● **RECORDS FOR THE TASK**
══════

context
  fixes q :: "'y::finite \<Rightarrow> 'y \<Rightarrow> real" and lam :: "nat \<Rightarrow> real" and m :: nat
  assumes sym: "symmetric_matrix q" and stoch: "stochastic_matrix q" and irred: "irreducible_matrix q"
    and lam0: "lam 0 = 1" and inj_lam: "inj_on lam {0..m}"
begin

lemma sum_eigenspace:
  assumes "i \<le> m" "f \<in> eigenspace q (lam i)"
  shows "(\<Sum>y\<in>UNIV. f y) = (if i = 0 then real (card (UNIV :: 'y set)) * f z else 0)"
proof (cases "i = 0")
  case True
  then have "Qop q f = f" using assms(2) lam0 by (simp add: eigenspace_def)
  then have "(\<Sum>y\<in>UNIV. f y) = (\<Sum>y\<in>(UNIV :: 'y set). f z)"
    using Qop_fixed_point_constant[OF stoch irred] by (intro sum.cong) blast+
  then show ?thesis using True by simp
next
  case False
  then have "lam i \<noteq> 1" using inj_onD[OF inj_lam, of i 0] assms(1) lam0 by auto
  then show ?thesis
    using eigenvector_sum_zero[OF sym stoch] assms(2) False by (simp add: eigenspace_def)
qed

lemma resample_sum_fundamental:
  assumes "fundamental n q m lam b A F"
  shows "resample_sum F \<theta> = real (card (UNIV :: 'y set)) * real (b 0) * F \<theta>"
proof -
  let ?c = "real (card (UNIV :: 'y set))"
  obtain Fj ij where A: "A \<subseteq> {1..n}"
    and eig: "\<forall>j\<in>A. ij j \<le> m \<and> Fj j \<in> eigenspace q (lam (ij j))"
    and count: "card {j\<in>A. ij j = 0} = b 0"
    and F: "F = (\<lambda>\<theta>. if dom \<theta> = A then (\<Prod>j\<in>A. Fj j (the (\<theta> j))) else 0)"
    using assms unfolding fundamental_def by blast
  have finA: "finite A" using A by (rule finite_subset) simp
  show ?thesis
  proof (cases "dom \<theta> = A")
    case False
    then have "F (\<theta>(j \<mapsto> y)) = 0" if "j \<in> dom \<theta>" for j y
      using that by (simp add: F insert_absorb)
    then show ?thesis using False by (simp add: resample_sum_def F)
  next
    case True
    have resample_coordinate: "(\<Sum>y\<in>UNIV. F (\<theta>(j \<mapsto> y))) = (if ij j = 0 then ?c * F \<theta> else 0)"
      if j: "j \<in> A" for j
    proof -
      let ?rest = "\<Prod>i\<in>A - {j}. Fj i (the (\<theta> i))"
      have factor: "F (\<theta>(j \<mapsto> y)) = Fj j y * ?rest" for y
      proof -
        have "F (\<theta>(j \<mapsto> y)) = (\<Prod>i\<in>A. Fj i (the ((\<theta>(j \<mapsto> y)) i)))"
          using True j by (simp add: F insert_absorb)
        also have "\<dots> = Fj j y * (\<Prod>i\<in>A - {j}. Fj i (the ((\<theta>(j \<mapsto> y)) i)))"
          by (subst prod.remove[OF finA j]) simp
        also have "(\<Prod>i\<in>A - {j}. Fj i (the ((\<theta>(j \<mapsto> y)) i))) = ?rest"
          by (rule prod.cong) auto
        finally show ?thesis .
      qed
      have "F \<theta> = Fj j (the (\<theta> j)) * ?rest"
        using True prod.remove[OF finA j, of "\<lambda>i. Fj i (the (\<theta> i))"] by (simp add: F)
      then show ?thesis
        using sum_eigenspace[of "ij j" "Fj j" "the (\<theta> j)"] eig j
        by (simp add: factor flip: sum_distrib_right)
    qed
    have "resample_sum F \<theta> = (\<Sum>j\<in>A. if ij j = 0 then ?c * F \<theta> else 0)"
      unfolding resample_sum_def True by (rule sum.cong[OF refl]) (rule resample_coordinate)
    also have "\<dots> = real (card {j\<in>A. ij j = 0}) * (?c * F \<theta>)"
      using finA by (simp add: sum.If_cases Int_def)
    finally show ?thesis using count by simp
  qed
qed

lemma resample_sum_P_kb:
  assumes "F \<in> P_kb n q m lam h b"
  shows "F \<in> L_Theta n h \<and> resample_sum F = (\<lambda>\<theta>. real (card (UNIV :: 'y set)) * real (b 0) * F \<theta>)"
proof -
  let ?V = "{F \<in> L_Theta n h. resample_sum F = (\<lambda>\<theta>. real (card (UNIV :: 'y set)) * real (b 0) * F \<theta>)}"
  have zero: "(\<lambda>_. 0) \<in> ?V" by (simp add: L_Theta_def resample_sum_def fun_eq_iff)
  have add: "(\<lambda>\<theta>. f \<theta> + g \<theta>) \<in> ?V" if "f \<in> ?V" "g \<in> ?V" for f g :: "(nat \<rightharpoonup> 'y) \<Rightarrow> real"
    using that by (simp add: L_Theta_def resample_sum_add fun_eq_iff algebra_simps)
  have scale: "(\<lambda>\<theta>. c * f \<theta>) \<in> ?V" if "f \<in> ?V" for c and f :: "(nat \<rightharpoonup> 'y) \<Rightarrow> real"
    using that by (simp add: L_Theta_def resample_sum_scale fun_eq_iff algebra_simps)
  have "P_kbA n q m lam h b A \<subseteq> ?V" for A
    unfolding P_kbA_def
  proof (rule fspan_subset[OF _ zero add scale])
    show "{F. card A = h \<and> fundamental n q m lam b A F} \<subseteq> ?V"
    proof
      fix F assume "F \<in> {F. card A = h \<and> fundamental n q m lam b A F}"
      then have "card A = h" and fund: "fundamental n q m lam b A F" by simp_all
      then have "type_size m b = h" by (simp add: fundamental_def)
      then show "F \<in> ?V"
        using fundamental_in_L_Theta[OF fund] resample_sum_fundamental[OF fund] by auto
    qed
  qed
  then have "P_kb n q m lam h b \<subseteq> ?V"
    unfolding P_kb_def by (intro fspan_subset[OF _ zero add scale]) blast
  then show ?thesis using assms by blast
qed

lemma P_hbk_resample_sum:
  assumes "k \<le> h" "type_size m a = Suc h" "type_ell m a \<le> k"
    and "F \<in> P_hbk n q m lam h (type_prime a) k"
  shows "F \<in> L_Theta n h
    \<and> resample_sum F = (\<lambda>\<theta>. real (card (UNIV :: 'y set)) * (real h - real (type_ell m a)) * F \<theta>)"
proof -
  obtain d where "h = k + d" using assms(1) le_Suc_ex by blast
  then show ?thesis using assms(2-4)
  proof (induction d arbitrary: h a F)
    case 0
    then have "F \<in> P_kb n q m lam h (type_prime a)"
      using P_hbk_diagonalD(1)[of m a h F n q lam] by simp
    moreover have "real (type_prime a 0) = real h - real (type_ell m a)"
      using 0 type_size_eq[of m a] by simp
    ultimately show ?case using resample_sum_P_kb by simp
  next
    case (Suc d)
    obtain G where G: "G \<in> P_hbk n q m lam (k + d) (type_prime (type_prime a)) k"
      and F: "F = Dstar n (Suc (k + d)) G"
      using P_hbk_SucE[OF le_add1] Suc.prems by (metis add_Suc_right)
    have "G \<in> L_Theta n (k + d)"
      and resample_G: "resample_sum G = (\<lambda>\<theta>. real (card (UNIV :: 'y set)) * (real (k + d) - real (type_ell m a)) * G \<theta>)"
      using Suc.IH[OF refl _ _ G] Suc.prems type_size_prime[of m a] by auto
    have "Dstar n (Suc (k + d)) (resample_sum G)
        = (\<lambda>\<theta>. real (card (UNIV :: 'y set)) * (real (k + d) - real (type_ell m a)) * F \<theta>)"
      by (simp add: resample_G Dstar_scale F)
    then have "resample_sum F \<theta> = real (card (UNIV :: 'y set)) * (real h - real (type_ell m a)) * F \<theta>" for \<theta>
      using resample_sum_Dstar[of n "k + d" G \<theta>] Suc.prems(1) by (simp add: F algebra_simps)
    then show ?case using F Dstar_in_L_Theta Suc.prems(1) by auto
  qed
qed

lemma Dop_Dstar_P_hbk:
  assumes "k \<le> h" "h < n" "type_size m a = Suc h" "type_ell m a \<le> k"
    and "F \<in> P_hbk n q m lam h (type_prime a) k"
  shows "Dop n (Suc h) (Dstar n (Suc h) F) = (\<lambda>\<theta>. real (card (UNIV :: 'y set))
    * (real n + real (type_ell m a) - real k - real h) * real (h - k + 1) * F \<theta>)"
proof -
  obtain d where "h = k + d" using assms(1) le_Suc_ex by blast
  then show ?thesis using assms(2-5)
  proof (induction d arbitrary: h a F)
    case 0
    have F: "F \<in> L_Theta n h" and resample_F: "resample_sum F = (\<lambda>\<theta>. real (card (UNIV :: 'y set))
        * (real h - real (type_ell m a)) * F \<theta>)"
      using P_hbk_resample_sum[of k h a F n] 0 by auto
    have DstarDop_F: "Dstar n h (Dop n h F) = (\<lambda>\<theta>. 0 * F \<theta>)"
      using P_hbk_diagonalD(2)[of m a h F n q lam] 0 by (simp add: Dstar_def fun_eq_iff)
    show ?case
      using Dop_Dstar_eigenvector[OF F _ resample_F DstarDop_F] 0 by (simp add: algebra_simps)
  next
    case (Suc d)
    let ?e = "real (card (UNIV :: 'y set)) * (real n + real (type_ell m a) - real k - real (k + d))
      * real (Suc d)"
    obtain G where G: "G \<in> P_hbk n q m lam (k + d) (type_prime (type_prime a)) k"
      and F: "F = Dstar n (Suc (k + d)) G"
      using P_hbk_SucE[OF le_add1] Suc.prems by (metis add_Suc_right)
    have "Dop n (Suc (k + d)) F = (\<lambda>\<theta>. ?e * G \<theta>)"
      using Suc.IH[OF refl _ _ _ G] Suc.prems type_size_prime[of m a] by (simp add: F)
    then have DstarDop_F: "Dstar n h (Dop n h F) = (\<lambda>\<theta>. ?e * F \<theta>)"
      using Suc.prems(1) by (simp add: F Dstar_scale)
    have F_L: "F \<in> L_Theta n h" and resample_F: "resample_sum F = (\<lambda>\<theta>. real (card (UNIV :: 'y set))
        * (real h - real (type_ell m a)) * F \<theta>)"
      using P_hbk_resample_sum[of k h a F n] Suc.prems by auto
    show ?case
      using Dop_Dstar_eigenvector[OF F_L _ resample_F DstarDop_F] Suc.prems(1,2)
      by (simp add: algebra_simps)
  qed
qed

end

theorem proposition7p8:
  fixes n m k h :: nat and q :: "'y::finite \<Rightarrow> 'y \<Rightarrow> real"
    and lam :: "nat \<Rightarrow> real" and a :: "nat \<Rightarrow> nat"
    and F :: "(nat \<rightharpoonup> 'y) \<Rightarrow> real"
  assumes "symmetric_matrix q" and "stochastic_matrix q" and "irreducible_matrix q"
    and "lam 0 = 1" and "inj_on lam {0..m}"
    and "\<forall>\<mu>. is_eigenvalue q \<mu> \<longleftrightarrow> (\<exists>i\<le>m. lam i = \<mu>)"
    and "k \<le> h" and "h \<le> n - 1" and "1 \<le> n"
    and "type_size m a = h + 1" and "type_ell m a \<le> k"
    and "F \<in> P_hbk n q m lam h (type_prime a) k"
  shows "Dop n (h + 1) (Dstar n (h + 1) F)
         = (\<lambda>\<theta>. real (card (UNIV :: 'y set)) * (real n + real (type_ell m a) - real k - real h)
                  * real (h - k + 1) * F \<theta>)"
proof -
  have "h < n" using assms(8,9) by simp
  then show ?thesis
    using Dop_Dstar_P_hbk[OF assms(1-5) assms(7) _ _ assms(11,12)] assms(10) by simp
qed

end
definition partner :: "'a set \<Rightarrow> ('a \<Rightarrow> 'a \<Rightarrow> bool) \<Rightarrow> 'a \<Rightarrow> 'a" where
  "partner D R j =
     (if j \<in> D \<and> (\<exists>!k. k \<in> D \<and> k \<noteq> j \<and> R j k) then THE k. k \<in> D \<and> k \<noteq> j \<and> R j k else j)"

lemma partner_eqI:
  assumes "j \<in> D" "k \<in> D" "k \<noteq> j" "R j k" "\<And>k'. k' \<in> D \<Longrightarrow> k' \<noteq> j \<Longrightarrow> R j k' \<Longrightarrow> k' = k"
  shows "partner D R j = k"
proof -
  have unique: "\<exists>!k. k \<in> D \<and> k \<noteq> j \<and> R j k"
    using assms by blast
  have "(THE k. k \<in> D \<and> k \<noteq> j \<and> R j k) = k"
    using assms by blast
  with assms(1) unique show ?thesis
    unfolding partner_def by (simp only: if_True simp_thms)
qed

lemma partner_fixed:
  assumes "\<not> (\<exists>k\<in>D. k \<noteq> j \<and> R j k)"
  shows "partner D R j = j"
proof -
  have "\<not> (j \<in> D \<and> (\<exists>!k. k \<in> D \<and> k \<noteq> j \<and> R j k))"
    using assms by blast
  then show ?thesis
    unfolding partner_def by (rule if_not_P)
qed

lemma partner_in:
  assumes "j \<in> D"
  shows "partner D R j \<in> D"
proof (cases "\<exists>!k. k \<in> D \<and> k \<noteq> j \<and> R j k")
  case True
  then obtain k where "k \<in> D" "k \<noteq> j" "R j k" "\<And>k'. k' \<in> D \<Longrightarrow> k' \<noteq> j \<Longrightarrow> R j k' \<Longrightarrow> k' = k"
    by blast
  then show ?thesis
    using partner_eqI[OF assms] by metis
next
  case False
  then have "partner D R j = j"
    unfolding partner_def by (simp only: simp_thms if_False)
  with assms show ?thesis
    by simp
qed

lemma partner_partner:
  assumes "symp R" "transp R"
  shows "partner D R (partner D R j) = j"
proof (cases "j \<in> D \<and> (\<exists>!k. k \<in> D \<and> k \<noteq> j \<and> R j k)")
  case True
  then obtain k where k: "k \<in> D" "k \<noteq> j" "R j k"
    and unique: "\<And>k'. k' \<in> D \<Longrightarrow> k' \<noteq> j \<Longrightarrow> R j k' \<Longrightarrow> k' = k"
    by blast
  have "partner D R j = k"
    using True k unique by (blast intro: partner_eqI)
  moreover have "partner D R k = j"
  proof (rule partner_eqI)
    show "R k j"
      using assms(1) k(3) by (rule sympD)
    fix k' assume "k' \<in> D" "k' \<noteq> k" "R k k'"
    then show "k' = j"
      using unique transpD[OF assms(2) k(3)] by blast
  qed (use True k in blast)+
  ultimately show ?thesis
    by simp
next
  case False
  then have "partner D R j = j"
    unfolding partner_def by (rule if_not_P)
  then show ?thesis
    by simp
qed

══════

● **EXERCISE**
All lines with the word "also" should be copied from the material above.

● **ANSWER SPACE**
        also have "\<dots> = Fj j y * (\<Prod>i\<in>A - {j}. Fj i (the ((\<theta>(j \<mapsto> y)) i)))"
        also have "(\<Prod>i\<in>A - {j}. Fj i (the ((\<theta>(j \<mapsto> y)) i))) = ?rest"
    also have "\<dots> = real (card {j\<in>A. ij j = 0}) * (?c * F \<theta>)"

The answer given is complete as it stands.